+++ THE DATA

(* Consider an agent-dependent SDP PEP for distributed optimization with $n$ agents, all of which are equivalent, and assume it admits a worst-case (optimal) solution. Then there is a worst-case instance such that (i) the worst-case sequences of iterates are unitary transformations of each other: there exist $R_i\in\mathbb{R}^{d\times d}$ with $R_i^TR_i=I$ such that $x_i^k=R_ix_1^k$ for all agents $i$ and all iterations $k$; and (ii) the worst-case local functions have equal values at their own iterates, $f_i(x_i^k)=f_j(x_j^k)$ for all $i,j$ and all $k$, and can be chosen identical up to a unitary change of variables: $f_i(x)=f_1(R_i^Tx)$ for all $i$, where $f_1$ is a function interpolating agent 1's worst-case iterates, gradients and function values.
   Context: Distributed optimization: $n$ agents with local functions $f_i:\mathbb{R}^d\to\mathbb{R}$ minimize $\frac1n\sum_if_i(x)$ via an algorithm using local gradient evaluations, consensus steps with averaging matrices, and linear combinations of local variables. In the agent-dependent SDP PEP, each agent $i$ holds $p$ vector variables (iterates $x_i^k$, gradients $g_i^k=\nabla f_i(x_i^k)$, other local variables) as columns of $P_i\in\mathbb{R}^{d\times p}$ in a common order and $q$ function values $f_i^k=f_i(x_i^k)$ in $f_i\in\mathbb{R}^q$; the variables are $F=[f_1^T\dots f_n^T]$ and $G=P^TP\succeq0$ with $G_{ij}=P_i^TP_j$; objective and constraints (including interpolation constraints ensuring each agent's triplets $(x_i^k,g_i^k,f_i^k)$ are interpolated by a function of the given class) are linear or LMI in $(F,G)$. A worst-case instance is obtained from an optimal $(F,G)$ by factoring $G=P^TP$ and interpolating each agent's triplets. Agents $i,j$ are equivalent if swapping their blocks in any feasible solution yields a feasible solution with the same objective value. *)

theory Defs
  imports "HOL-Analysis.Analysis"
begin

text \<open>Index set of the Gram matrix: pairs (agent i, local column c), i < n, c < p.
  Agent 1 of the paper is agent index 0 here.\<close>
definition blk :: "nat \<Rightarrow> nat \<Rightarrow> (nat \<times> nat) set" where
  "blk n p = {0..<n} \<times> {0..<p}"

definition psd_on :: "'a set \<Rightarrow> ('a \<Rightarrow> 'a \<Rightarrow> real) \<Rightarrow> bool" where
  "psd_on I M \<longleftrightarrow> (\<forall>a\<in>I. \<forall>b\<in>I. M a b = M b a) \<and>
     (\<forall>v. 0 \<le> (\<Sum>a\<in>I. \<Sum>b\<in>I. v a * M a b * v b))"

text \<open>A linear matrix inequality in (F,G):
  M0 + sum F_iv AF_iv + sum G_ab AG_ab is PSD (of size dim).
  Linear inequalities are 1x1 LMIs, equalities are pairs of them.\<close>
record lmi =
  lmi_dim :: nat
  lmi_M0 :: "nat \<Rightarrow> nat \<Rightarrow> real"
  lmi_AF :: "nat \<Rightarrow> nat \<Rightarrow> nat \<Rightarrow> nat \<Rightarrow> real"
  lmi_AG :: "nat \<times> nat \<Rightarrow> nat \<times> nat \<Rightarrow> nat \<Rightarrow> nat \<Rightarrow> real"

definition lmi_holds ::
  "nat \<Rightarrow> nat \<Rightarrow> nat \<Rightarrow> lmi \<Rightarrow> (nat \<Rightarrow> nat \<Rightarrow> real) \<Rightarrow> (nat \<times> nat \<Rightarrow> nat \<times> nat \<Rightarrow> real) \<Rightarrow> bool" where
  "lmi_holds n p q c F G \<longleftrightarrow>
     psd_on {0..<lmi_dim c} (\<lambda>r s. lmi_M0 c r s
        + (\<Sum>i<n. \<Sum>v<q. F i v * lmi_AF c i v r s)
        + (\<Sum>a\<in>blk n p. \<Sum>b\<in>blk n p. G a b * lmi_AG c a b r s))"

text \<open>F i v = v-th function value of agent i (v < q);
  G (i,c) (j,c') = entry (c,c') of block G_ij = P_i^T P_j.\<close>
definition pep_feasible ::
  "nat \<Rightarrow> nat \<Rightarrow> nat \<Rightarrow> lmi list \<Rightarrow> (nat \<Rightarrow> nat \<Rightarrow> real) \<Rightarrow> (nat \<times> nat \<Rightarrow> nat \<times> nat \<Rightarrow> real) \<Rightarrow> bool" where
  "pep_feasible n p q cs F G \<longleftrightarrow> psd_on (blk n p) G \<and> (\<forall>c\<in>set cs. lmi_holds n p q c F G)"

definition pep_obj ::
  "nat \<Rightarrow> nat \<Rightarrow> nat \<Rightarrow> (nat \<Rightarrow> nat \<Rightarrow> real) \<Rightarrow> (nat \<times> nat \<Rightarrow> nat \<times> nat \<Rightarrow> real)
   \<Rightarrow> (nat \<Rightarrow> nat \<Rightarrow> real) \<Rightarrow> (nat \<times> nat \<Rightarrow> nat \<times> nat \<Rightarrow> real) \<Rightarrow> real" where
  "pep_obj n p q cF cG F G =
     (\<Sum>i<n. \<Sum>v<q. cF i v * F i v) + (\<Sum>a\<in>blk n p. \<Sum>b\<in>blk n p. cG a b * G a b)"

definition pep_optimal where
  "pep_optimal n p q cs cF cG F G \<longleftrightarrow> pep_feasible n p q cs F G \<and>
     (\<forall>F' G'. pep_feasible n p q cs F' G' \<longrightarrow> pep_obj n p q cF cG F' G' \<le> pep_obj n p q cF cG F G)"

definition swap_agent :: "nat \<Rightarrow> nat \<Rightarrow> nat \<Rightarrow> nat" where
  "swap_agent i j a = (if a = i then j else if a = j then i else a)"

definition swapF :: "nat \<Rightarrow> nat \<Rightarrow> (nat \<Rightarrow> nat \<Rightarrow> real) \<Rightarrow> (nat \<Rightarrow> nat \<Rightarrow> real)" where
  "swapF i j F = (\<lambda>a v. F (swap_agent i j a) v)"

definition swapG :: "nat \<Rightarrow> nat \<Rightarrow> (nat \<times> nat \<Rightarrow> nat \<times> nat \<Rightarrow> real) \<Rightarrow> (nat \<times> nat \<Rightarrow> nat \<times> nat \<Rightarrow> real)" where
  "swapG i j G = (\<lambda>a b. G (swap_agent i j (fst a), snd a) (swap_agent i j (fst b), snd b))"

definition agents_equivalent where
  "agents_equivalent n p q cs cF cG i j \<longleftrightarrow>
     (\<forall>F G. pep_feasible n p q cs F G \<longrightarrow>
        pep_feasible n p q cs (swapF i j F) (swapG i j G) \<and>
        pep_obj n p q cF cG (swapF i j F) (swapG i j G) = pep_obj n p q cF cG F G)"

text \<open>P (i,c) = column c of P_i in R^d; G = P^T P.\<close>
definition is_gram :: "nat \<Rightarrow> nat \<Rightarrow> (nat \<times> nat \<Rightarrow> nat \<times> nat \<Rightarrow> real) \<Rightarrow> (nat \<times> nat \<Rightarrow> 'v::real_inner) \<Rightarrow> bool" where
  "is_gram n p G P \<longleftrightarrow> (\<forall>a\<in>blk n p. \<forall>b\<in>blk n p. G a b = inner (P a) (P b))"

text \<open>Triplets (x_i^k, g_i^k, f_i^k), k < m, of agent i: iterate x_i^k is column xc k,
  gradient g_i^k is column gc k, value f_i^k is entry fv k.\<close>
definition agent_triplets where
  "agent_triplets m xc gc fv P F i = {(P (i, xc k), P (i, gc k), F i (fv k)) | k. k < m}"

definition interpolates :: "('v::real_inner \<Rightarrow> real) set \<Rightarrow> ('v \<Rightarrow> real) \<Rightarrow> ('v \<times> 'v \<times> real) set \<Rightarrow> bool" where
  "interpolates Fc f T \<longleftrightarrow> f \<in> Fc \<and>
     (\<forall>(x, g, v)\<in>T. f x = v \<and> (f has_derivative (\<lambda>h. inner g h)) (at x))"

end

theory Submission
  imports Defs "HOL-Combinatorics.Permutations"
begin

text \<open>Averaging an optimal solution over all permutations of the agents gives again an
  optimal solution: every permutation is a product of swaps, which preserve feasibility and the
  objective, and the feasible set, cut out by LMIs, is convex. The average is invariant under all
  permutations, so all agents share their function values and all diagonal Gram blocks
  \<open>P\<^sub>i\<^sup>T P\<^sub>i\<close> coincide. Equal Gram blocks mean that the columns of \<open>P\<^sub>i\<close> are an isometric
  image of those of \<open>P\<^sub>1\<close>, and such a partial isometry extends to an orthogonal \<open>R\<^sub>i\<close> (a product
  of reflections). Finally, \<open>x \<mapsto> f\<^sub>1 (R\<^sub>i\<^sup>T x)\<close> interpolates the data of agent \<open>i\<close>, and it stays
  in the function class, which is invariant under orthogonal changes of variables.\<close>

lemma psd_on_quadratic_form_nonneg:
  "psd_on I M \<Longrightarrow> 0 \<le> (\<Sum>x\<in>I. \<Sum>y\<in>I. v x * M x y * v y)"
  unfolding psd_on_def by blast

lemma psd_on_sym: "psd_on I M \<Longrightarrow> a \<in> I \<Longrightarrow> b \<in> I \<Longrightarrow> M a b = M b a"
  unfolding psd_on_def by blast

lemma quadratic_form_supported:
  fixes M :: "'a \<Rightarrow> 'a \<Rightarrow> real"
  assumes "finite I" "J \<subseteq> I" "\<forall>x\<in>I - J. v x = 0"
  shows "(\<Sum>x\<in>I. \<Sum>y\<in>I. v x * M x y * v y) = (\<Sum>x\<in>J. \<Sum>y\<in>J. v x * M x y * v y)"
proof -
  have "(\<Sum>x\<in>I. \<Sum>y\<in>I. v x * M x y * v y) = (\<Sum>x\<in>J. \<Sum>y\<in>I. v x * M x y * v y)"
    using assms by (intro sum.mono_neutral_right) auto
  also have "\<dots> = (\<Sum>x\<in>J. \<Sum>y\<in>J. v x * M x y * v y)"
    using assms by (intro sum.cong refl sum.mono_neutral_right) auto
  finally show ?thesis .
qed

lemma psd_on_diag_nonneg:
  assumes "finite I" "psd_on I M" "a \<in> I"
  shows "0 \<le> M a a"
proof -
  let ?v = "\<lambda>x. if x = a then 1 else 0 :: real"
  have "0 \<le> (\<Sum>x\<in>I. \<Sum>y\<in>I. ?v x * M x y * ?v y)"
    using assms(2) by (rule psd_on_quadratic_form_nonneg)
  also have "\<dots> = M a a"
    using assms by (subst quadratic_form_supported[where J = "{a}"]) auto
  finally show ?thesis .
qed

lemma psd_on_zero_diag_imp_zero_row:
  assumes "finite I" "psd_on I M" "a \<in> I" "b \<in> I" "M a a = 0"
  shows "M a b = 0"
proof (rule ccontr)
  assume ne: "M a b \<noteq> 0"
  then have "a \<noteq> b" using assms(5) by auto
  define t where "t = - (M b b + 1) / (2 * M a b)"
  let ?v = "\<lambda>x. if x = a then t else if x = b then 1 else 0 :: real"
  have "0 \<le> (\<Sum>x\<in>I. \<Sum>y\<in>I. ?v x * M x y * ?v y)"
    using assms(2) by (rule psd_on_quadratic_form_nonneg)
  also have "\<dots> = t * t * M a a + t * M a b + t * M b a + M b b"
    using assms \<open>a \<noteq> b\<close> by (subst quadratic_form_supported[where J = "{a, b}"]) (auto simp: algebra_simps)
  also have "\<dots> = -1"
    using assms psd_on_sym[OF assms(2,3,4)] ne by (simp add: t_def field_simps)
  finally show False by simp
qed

++++++

• WORK ITEM: Which of the lines above mention the word "case"? Pull those lines out.

• TASK SOLUTION:
(* Consider an agent-dependent SDP PEP for distributed optimization with $n$ agents, all of which are equivalent, and assume it admits a worst-case (optimal) solution. Then there is a worst-case instance such that (i) the worst-case sequences of iterates are unitary transformations of each other: there exist $R_i\in\mathbb{R}^{d\times d}$ with $R_i^TR_i=I$ such that $x_i^k=R_ix_1^k$ for all agents $i$ and all iterations $k$; and (ii) the worst-case local functions have equal values at their own iterates, $f_i(x_i^k)=f_j(x_j^k)$ for all $i,j$ and all $k$, and can be chosen identical up to a unitary change of variables: $f_i(x)=f_1(R_i^Tx)$ for all $i$, where $f_1$ is a function interpolating agent 1's worst-case iterates, gradients and function values.
   Context: Distributed optimization: $n$ agents with local functions $f_i:\mathbb{R}^d\to\mathbb{R}$ minimize $\frac1n\sum_if_i(x)$ via an algorithm using local gradient evaluations, consensus steps with averaging matrices, and linear combinations of local variables. In the agent-dependent SDP PEP, each agent $i$ holds $p$ vector variables (iterates $x_i^k$, gradients $g_i^k=\nabla f_i(x_i^k)$, other local variables) as columns of $P_i\in\mathbb{R}^{d\times p}$ in a common order and $q$ function values $f_i^k=f_i(x_i^k)$ in $f_i\in\mathbb{R}^q$; the variables are $F=[f_1^T\dots f_n^T]$ and $G=P^TP\succeq0$ with $G_{ij}=P_i^TP_j$; objective and constraints (including interpolation constraints ensuring each agent's triplets $(x_i^k,g_i^k,f_i^k)$ are interpolated by a function of the given class) are linear or LMI in $(F,G)$. A worst-case instance is obtained from an optimal $(F,G)$ by factoring $G=P^TP$ and interpolating each agent's triplets. Agents $i,j$ are equivalent if swapping their blocks in any feasible solution yields a feasible solution with the same objective value. *)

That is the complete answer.